Finasteride blocks the enzyme that converts testosterone into dihydrotestosterone (DHT), which is the hormone responsible for shrinking your hair follicles. Less DHT means the follicles stop shrinking, which means the hair growing out of them gets and stays thicker.

Minoxidil is a vasodilator that, when applied topically (or taken orally at low doses), increases blood flow to the scalp and prolongs the growth phase of the hair cycle. It does nothing about DHT.

You can see why people end up on both: one stops the cause of the loss, the other accelerates new growth. They're complementary, not redundant.

Which one to start with

If you have to pick one — usually because of side-effect concerns with finasteride — the honest answer is: start with finasteride. The clinical evidence for halting androgenetic alopecia with a 5α-reductase inhibitor is overwhelming. Minoxidil works, but it works with the loss process still active; finasteride works by removing the loss process.

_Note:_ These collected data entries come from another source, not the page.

lemma sum_Pow_shapley_weight_dummies:
  assumes "finite D" "finite K" "D \<inter> K = {}"
  shows "(\<Sum>S\<in>Pow (K \<union> D). shapley_weight (card (K \<union> D) + 1) (card S) * h (S \<inter> K))
       = (\<Sum>S\<in>Pow K. shapley_weight (card K + 1) (card S) * h S)"
  using assms
proof (induction D rule: finite_induct)
  case empty
  show ?case by (rule sum.cong) (auto simp: Int_absorb2)
next
  case (insert d D)
  define N where "N = K \<union> D"
  have d: "d \<notin> N" and fin: "finite N" using insert unfolding N_def by auto
  have "(\<Sum>S\<in>Pow (insert d N). shapley_weight (card (insert d N) + 1) (card S) * h (S \<inter> K))
      = (\<Sum>S\<in>Pow N. shapley_weight (card N + 2) (card S) * h (S \<inter> K)
          + shapley_weight (card N + 2) (card (insert d S)) * h (insert d S \<inter> K))"
    using sum_Pow_insert[OF fin d] d fin by simp
  also have "\<dots> = (\<Sum>S\<in>Pow N. shapley_weight (card N + 1) (card S) * h (S \<inter> K))"
  proof (rule sum.cong)
    fix S assume S: "S \<in> Pow N"
    then have "finite S" "d \<notin> S" using d fin finite_subset by auto
    then have "card (insert d S) = card S + 1" "insert d S \<inter> K = S \<inter> K"
      using insert.prems by auto
    moreover have "card S \<le> card N" using S fin by (simp add: card_mono)
    ultimately show "shapley_weight (card N + 2) (card S) * h (S \<inter> K)
        + shapley_weight (card N + 2) (card (insert d S)) * h (insert d S \<inter> K)
        = shapley_weight (card N + 1) (card S) * h (S \<inter> K)"
      by (metis distrib_right shapley_weight_step)
  qed simp
  finally show ?case using insert unfolding N_def by simp
qed

lemma shap_restrict_features:
  assumes K: "K \<subseteq> {1..n}" "j \<in> K"
    and dummy: "\<And>d x. d \<in> {1..n} - K \<Longrightarrow> x \<in> cube n \<Longrightarrow> \<kappa> (x(d := \<not> x d)) = \<kappa> x"
  shows "shap n \<kappa> v j = (\<Sum>S\<in>Pow (K - {j}).
           shapley_weight (card K) (card S) * (charf n \<kappa> v (S \<union> {j}) - charf n \<kappa> v S))"
proof -
  define K' where "K' = K - {j}"
  define D where "D = {1..n} - K"
  define h where "h S = charf n \<kappa> v (S \<union> {j}) - charf n \<kappa> v S" for S
  have charf_restrict: "charf n \<kappa> v T = charf n \<kappa> v (T \<inter> K)" if "T \<subseteq> {1..n}" for T
    unfolding charf_def by (rule cond_exp_restrict) (use that dummy in auto)
  have N: "{1..n} - {j} = K' \<union> D" and disj: "D \<inter> K' = {}"
    using K unfolding K'_def D_def by auto
  have fin: "finite K'" "finite D"
    using K finite_subset unfolding K'_def D_def by auto
  have "j \<in> {1..n}" "finite K" using K finite_subset by auto
  moreover from this have "card K > 0" using K(2) card_gt_0_iff by blast
  ultimately have card_N: "card (K' \<union> D) + 1 = n" and card_K: "card K' + 1 = card K"
    unfolding N[symmetric] unfolding K'_def using K(2) by simp_all
  have h_restrict: "h S = h (S \<inter> K')" if "S \<subseteq> {1..n} - {j}" for S
  proof -
    have sub: "S \<union> {j} \<subseteq> {1..n}" "S \<inter> K' \<union> {j} \<subseteq> {1..n}" "S \<inter> K' \<subseteq> {1..n}"
      using that K by auto
    have "(S \<union> {j}) \<inter> K = (S \<inter> K' \<union> {j}) \<inter> K" "S \<inter> K = S \<inter> K' \<inter> K"
      using that K unfolding K'_def by auto
    then show ?thesis
      unfolding h_def using that sub charf_restrict by (metis Diff_subset order_trans)
  qed
  have "shap n \<kappa> v j = (\<Sum>S\<in>Pow (K' \<union> D). shapley_weight n (card S) * h S)"
    unfolding shap_def N shapley_weight_def h_def ..
  also have "\<dots> = (\<Sum>S\<in>Pow (K' \<union> D). shapley_weight (card (K' \<union> D) + 1) (card S) * h (S \<inter> K'))"
    using h_restrict N card_N by (intro sum.cong) auto
  also have "\<dots> = (\<Sum>S\<in>Pow K'. shapley_weight (card K) (card S) * h S)"
    using sum_Pow_shapley_weight_dummies[OF fin(2,1) disj] card_K by simp
  finally show ?thesis unfolding K'_def h_def .
qed

definition exactly_two :: "bool \<Rightarrow> bool \<Rightarrow> bool \<Rightarrow> bool" where
  "exactly_two a b c \<longleftrightarrow> (a \<and> b \<and> \<not> c) \<or> (a \<and> \<not> b \<and> c) \<or> (\<not> a \<and> b \<and> c)"

definition example_classifier :: "(nat \<Rightarrow> bool) \<Rightarrow> bool" where
  "example_classifier x \<longleftrightarrow> x 4 \<and> exactly_two (x 1) (x 2) (x 3)"

definition all_ones :: "nat \<Rightarrow> nat \<Rightarrow> bool" where
  "all_ones n j \<longleftrightarrow> j \<in> {1..n}"

lemma all_ones_in_cube: "all_ones n \<in> cube n"
  unfolding all_ones_def cube_def by simp

lemma example_classifier_upd_other:
  "d \<notin> {1, 2, 3, 4} \<Longrightarrow> example_classifier (x(d := b)) = example_classifier x"
  unfolding example_classifier_def by simp

lemma example_classifier_feature_4_irrelevant:
  "\<not> relevant n example_classifier (all_ones n) 4"
proof (rule not_relevant_if_deviation_keeps_class[OF all_ones_in_cube])
  fix x assume "x \<in> cube n" "x 4 \<noteq> all_ones n 4"
  then have "\<not> x 4" unfolding cube_def all_ones_def by auto
  then show "example_classifier x = example_classifier (all_ones n)"
    unfolding example_classifier_def all_ones_def exactly_two_def by simp
qed

lemma cond_exp_example_classifier_const:
  assumes "{1, 2, 3, 4} \<subseteq> S" "S \<subseteq> {1..n}"
  shows "cond_exp n S a (\<lambda>x. of_bool (example_classifier x)) =
    of_bool (a 4 \<and> exactly_two (a 1) (a 2) (a 3))"
  by (rule cond_exp_const) (use assms in \<open>auto simp: Ups_def example_classifier_def\<close>)

text \<open>\<open>example_charf b\<^sub>1 b\<^sub>2 b\<^sub>3 b\<^sub>4\<close> is the characteristic function of the coalition
\<open>{i. b\<^sub>i}\<close> of the 4-player game: coalition members are fixed to \<open>v\<^sub>i = 1\<close>, the remaining
relevant features are averaged over.\<close>

definition bit_mean :: "bool \<Rightarrow> (bool \<Rightarrow> real) \<Rightarrow> real" where
  "bit_mean fixed f = (if fixed then f True else (f True + f False) / 2)"

definition example_charf :: "bool \<Rightarrow> bool \<Rightarrow> bool \<Rightarrow> bool \<Rightarrow> real" where
  "example_charf b1 b2 b3 b4 =
     bit_mean b1 (\<lambda>c1. bit_mean b2 (\<lambda>c2. bit_mean b3 (\<lambda>c3. bit_mean b4 (\<lambda>c4.
       of_bool (c4 \<and> exactly_two c1 c2 c3)))))"

lemma charf_example_classifier_if:
  assumes "n \<ge> 4"
  shows "charf n example_classifier (all_ones n)
      ((if b1 then {1} else {}) \<union> (if b2 then {2} else {}) \<union>
       (if b3 then {3} else {}) \<union> (if b4 then {4} else {}))
    = example_charf b1 b2 b3 b4"
  using assms
  by (cases b1; cases b2; cases b3; cases b4;
      simp add: charf_def cond_exp_split[of 1] cond_exp_split[of 2]
        cond_exp_split[of 3] cond_exp_split[of 4];
      simp add: cond_exp_example_classifier_const all_ones_def exactly_two_def;
      simp add: example_charf_def bit_mean_def exactly_two_def)

lemma charf_example_classifier:
  assumes "n \<ge> 4" "B \<subseteq> {1, 2, 3, 4}"
  shows "charf n example_classifier (all_ones n) B =
    example_charf (1 \<in> B) (2 \<in> B) (3 \<in> B) (4 \<in> B)"
proof -
  have "B = (if 1 \<in> B then {1} else {}) \<union> (if 2 \<in> B then {2} else {}) \<union>
      (if 3 \<in> B then {3} else {}) \<union> (if 4 \<in> B then {4} else {})"
    using assms(2) by auto
  then show ?thesis using charf_example_classifier_if[OF assms(1)] by metis
qed

lemma shap_example_classifier_relevant_features:
  assumes "n \<ge> 4" "j \<in> {1, 2, 3, 4}"
  shows "shap n example_classifier (all_ones n) j = (\<Sum>S\<in>Pow ({1, 2, 3, 4} - {j}).
      shapley_weight 4 (card S) *
      (charf n example_classifier (all_ones n) (S \<union> {j}) - charf n example_classifier (all_ones n) S))"
proof -
  have "card {1, 2, 3, 4 :: nat} = 4" by simp
  moreover have "shap n example_classifier (all_ones n) j = (\<Sum>S\<in>Pow ({1, 2, 3, 4} - {j}).
      shapley_weight (card {1, 2, 3, 4 :: nat}) (card S) *
      (charf n example_classifier (all_ones n) (S \<union> {j}) - charf n example_classifier (all_ones n) S))"
    by (rule shap_restrict_features) (use assms in \<open>auto simp: example_classifier_upd_other\<close>)
  ultimately show ?thesis by (simp only:)
qed

lemma shap_example_classifier:
  assumes "n \<ge> 4"
  shows "shap n example_classifier (all_ones n) 4 = 11/64"
    and "j \<in> {1, 2, 3} \<Longrightarrow> shap n example_classifier (all_ones n) j = -23/192"
  using assms
  by (auto simp: shap_example_classifier_relevant_features sum_Pow_insert insert_Diff_if
      shapley_weight_def fact_numeral charf_example_classifier example_charf_def bit_mean_def
      exactly_two_def)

The exception is if you're female (finasteride is generally off-label and there are pregnancy-category concerns) or if you've had reproducible negative side effects with finasteride in the past.

Realistic timelines

This is where most people quit too early. Both medications take months to show real results:

  • Months 1-3: You'll see no improvement. You may see increased shedding on minoxidil as old hairs are pushed out by new growth (this is normal — keep going).
  • Months 4-6: Density stops getting worse. This is the first concrete win and it's easy to miss because absence of further loss doesn't feel like a result.
  • Months 6-12: Visible thickening, especially at the crown and temples.
  • Year 1+: This is the maintenance phase. Stop the medications and the loss resumes within 6-12 months. The hair you grew was on a treadmill — keep walking or it walks away.

Side effects — what's real, what's exaggerated

Finasteride's sexual side effects are real but rarer than internet forums suggest. Large randomized trials put the rate of new-onset sexual dysfunction at 1-2% above placebo, and the majority of cases resolve when the drug is stopped. The "post-finasteride syndrome" (PFS) phenomenon is real for a small subset of patients but is poorly understood and difficult to predict.

Minoxidil's main side effects are local: scalp irritation from the propylene glycol carrier (switch to a foam formulation), unwanted facial hair from runoff (apply less, more carefully), and very rarely changes in heart rate at oral doses above 5mg.

The bottom line

For a patient willing to be on a daily medication indefinitely, the combination of oral finasteride 1mg + topical minoxidil 5% has the strongest body of evidence behind it. If you can only do one, finasteride. If you can't tolerate finasteride, minoxidil. If you're not going to be consistent, neither — both work only when taken every day for years.


This article is editorial content on a Relyv.ai demonstration site. It is not medical advice and the author profile is fictional. Talk to your own clinician before starting or changing any medication.